> **WHAT TO DO**: Among the entries, find the lines with the string "close" and report them.

[Start of section]

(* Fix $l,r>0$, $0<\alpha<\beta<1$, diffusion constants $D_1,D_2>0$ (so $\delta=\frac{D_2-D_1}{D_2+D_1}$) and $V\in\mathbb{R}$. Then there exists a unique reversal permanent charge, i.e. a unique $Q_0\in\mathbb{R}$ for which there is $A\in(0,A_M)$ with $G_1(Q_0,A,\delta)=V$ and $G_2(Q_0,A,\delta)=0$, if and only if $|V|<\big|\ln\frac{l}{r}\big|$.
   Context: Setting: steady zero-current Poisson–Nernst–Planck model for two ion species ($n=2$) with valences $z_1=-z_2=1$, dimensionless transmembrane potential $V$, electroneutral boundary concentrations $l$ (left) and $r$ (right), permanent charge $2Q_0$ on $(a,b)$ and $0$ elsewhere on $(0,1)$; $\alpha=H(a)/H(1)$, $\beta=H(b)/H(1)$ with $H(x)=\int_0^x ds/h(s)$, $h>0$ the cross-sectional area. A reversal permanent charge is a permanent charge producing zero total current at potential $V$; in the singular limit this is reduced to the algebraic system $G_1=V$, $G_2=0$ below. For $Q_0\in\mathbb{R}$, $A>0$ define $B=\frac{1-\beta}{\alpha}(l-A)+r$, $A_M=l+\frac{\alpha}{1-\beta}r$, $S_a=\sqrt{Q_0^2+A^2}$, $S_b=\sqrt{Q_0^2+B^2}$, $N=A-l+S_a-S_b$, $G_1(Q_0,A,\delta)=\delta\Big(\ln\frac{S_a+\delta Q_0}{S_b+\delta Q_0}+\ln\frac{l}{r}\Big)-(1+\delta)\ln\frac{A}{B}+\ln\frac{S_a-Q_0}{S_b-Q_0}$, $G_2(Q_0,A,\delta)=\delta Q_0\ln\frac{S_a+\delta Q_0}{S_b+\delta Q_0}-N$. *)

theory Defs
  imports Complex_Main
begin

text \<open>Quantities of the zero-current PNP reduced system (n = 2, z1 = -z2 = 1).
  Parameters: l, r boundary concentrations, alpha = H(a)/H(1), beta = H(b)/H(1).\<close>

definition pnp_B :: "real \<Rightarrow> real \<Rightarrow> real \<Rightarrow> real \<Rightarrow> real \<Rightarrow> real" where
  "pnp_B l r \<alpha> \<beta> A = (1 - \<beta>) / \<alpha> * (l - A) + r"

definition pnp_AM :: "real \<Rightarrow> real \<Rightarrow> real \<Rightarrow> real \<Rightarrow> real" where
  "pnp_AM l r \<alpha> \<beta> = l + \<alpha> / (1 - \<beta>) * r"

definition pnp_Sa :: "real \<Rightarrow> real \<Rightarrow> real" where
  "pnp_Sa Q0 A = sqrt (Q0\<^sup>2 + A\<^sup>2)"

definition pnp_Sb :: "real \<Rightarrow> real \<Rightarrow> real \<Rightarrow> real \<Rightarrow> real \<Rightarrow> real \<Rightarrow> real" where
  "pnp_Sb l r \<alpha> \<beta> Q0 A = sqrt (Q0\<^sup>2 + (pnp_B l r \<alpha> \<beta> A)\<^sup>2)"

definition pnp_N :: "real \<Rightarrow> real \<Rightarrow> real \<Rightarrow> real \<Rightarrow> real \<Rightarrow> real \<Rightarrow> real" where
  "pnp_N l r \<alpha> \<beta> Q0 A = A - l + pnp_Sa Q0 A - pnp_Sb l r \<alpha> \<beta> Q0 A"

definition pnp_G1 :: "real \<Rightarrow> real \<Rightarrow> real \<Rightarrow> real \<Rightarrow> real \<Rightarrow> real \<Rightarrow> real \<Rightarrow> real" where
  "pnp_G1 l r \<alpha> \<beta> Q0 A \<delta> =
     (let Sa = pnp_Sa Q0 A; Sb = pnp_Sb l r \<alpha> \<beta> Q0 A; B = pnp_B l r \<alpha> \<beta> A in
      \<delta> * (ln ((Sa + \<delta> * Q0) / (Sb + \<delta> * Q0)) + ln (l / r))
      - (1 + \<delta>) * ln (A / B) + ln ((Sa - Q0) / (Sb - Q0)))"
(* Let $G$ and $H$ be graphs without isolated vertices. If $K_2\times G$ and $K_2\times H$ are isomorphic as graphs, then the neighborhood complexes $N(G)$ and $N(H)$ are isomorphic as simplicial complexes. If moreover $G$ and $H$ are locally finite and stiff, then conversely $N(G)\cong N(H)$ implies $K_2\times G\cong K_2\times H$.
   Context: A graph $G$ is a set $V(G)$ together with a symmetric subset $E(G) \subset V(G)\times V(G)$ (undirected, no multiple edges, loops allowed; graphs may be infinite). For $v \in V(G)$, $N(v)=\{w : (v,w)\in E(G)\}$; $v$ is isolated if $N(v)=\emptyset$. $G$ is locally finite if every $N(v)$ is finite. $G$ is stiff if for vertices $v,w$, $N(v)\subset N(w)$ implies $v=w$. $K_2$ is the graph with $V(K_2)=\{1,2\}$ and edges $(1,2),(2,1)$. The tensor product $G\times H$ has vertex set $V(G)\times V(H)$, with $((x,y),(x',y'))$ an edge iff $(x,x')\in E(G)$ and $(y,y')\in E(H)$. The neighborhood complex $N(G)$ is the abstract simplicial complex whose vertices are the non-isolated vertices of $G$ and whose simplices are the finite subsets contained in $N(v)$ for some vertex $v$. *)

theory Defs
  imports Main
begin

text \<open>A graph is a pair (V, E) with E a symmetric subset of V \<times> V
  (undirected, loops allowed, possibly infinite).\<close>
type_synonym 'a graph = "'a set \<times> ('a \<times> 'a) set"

[End of section]
[Start of section]

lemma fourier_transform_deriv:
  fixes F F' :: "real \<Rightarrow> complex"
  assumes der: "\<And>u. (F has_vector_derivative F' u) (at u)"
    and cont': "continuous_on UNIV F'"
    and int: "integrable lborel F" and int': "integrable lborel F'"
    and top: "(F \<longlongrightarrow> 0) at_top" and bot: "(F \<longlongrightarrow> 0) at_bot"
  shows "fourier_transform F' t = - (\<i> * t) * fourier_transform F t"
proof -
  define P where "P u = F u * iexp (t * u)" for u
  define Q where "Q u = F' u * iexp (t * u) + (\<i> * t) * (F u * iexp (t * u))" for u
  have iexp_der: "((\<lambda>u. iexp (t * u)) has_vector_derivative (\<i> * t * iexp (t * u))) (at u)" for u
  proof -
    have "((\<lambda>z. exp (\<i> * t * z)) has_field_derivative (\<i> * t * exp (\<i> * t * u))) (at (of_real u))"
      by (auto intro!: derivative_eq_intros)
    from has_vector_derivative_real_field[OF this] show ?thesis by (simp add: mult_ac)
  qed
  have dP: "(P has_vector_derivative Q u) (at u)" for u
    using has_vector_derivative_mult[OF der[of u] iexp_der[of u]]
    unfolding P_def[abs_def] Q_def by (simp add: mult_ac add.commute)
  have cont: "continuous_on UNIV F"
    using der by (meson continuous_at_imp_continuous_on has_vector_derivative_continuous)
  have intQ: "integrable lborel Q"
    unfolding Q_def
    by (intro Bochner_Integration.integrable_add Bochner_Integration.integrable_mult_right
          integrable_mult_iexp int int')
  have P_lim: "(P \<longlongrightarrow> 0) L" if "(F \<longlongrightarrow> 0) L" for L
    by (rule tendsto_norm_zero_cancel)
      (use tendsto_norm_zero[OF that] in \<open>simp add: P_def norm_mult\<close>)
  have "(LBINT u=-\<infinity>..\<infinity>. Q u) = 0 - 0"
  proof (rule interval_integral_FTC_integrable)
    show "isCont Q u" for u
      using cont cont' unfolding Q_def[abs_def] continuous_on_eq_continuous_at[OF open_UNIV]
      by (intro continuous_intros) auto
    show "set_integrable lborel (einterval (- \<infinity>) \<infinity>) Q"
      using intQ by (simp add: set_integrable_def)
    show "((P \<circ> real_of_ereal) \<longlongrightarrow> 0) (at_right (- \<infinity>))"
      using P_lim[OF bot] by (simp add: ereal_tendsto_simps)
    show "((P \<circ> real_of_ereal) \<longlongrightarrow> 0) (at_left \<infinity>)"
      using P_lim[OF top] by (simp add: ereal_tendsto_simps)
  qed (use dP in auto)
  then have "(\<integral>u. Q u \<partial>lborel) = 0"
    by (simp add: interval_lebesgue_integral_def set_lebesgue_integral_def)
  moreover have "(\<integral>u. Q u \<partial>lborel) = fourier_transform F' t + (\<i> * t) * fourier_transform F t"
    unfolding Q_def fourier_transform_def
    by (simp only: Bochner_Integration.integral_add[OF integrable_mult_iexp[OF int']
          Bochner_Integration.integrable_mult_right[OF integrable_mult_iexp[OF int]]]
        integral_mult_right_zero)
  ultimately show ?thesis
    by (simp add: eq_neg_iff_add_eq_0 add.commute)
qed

[End of section]

> **RESULT**:
  Parameters: l, r boundary concentrations, alpha = H(a)/H(1), beta = H(b)/H(1).\<close>
  (undirected, loops allowed, possibly infinite).\<close>
      (use tendsto_norm_zero[OF that] in \<open>simp add: P_def norm_mult\<close>)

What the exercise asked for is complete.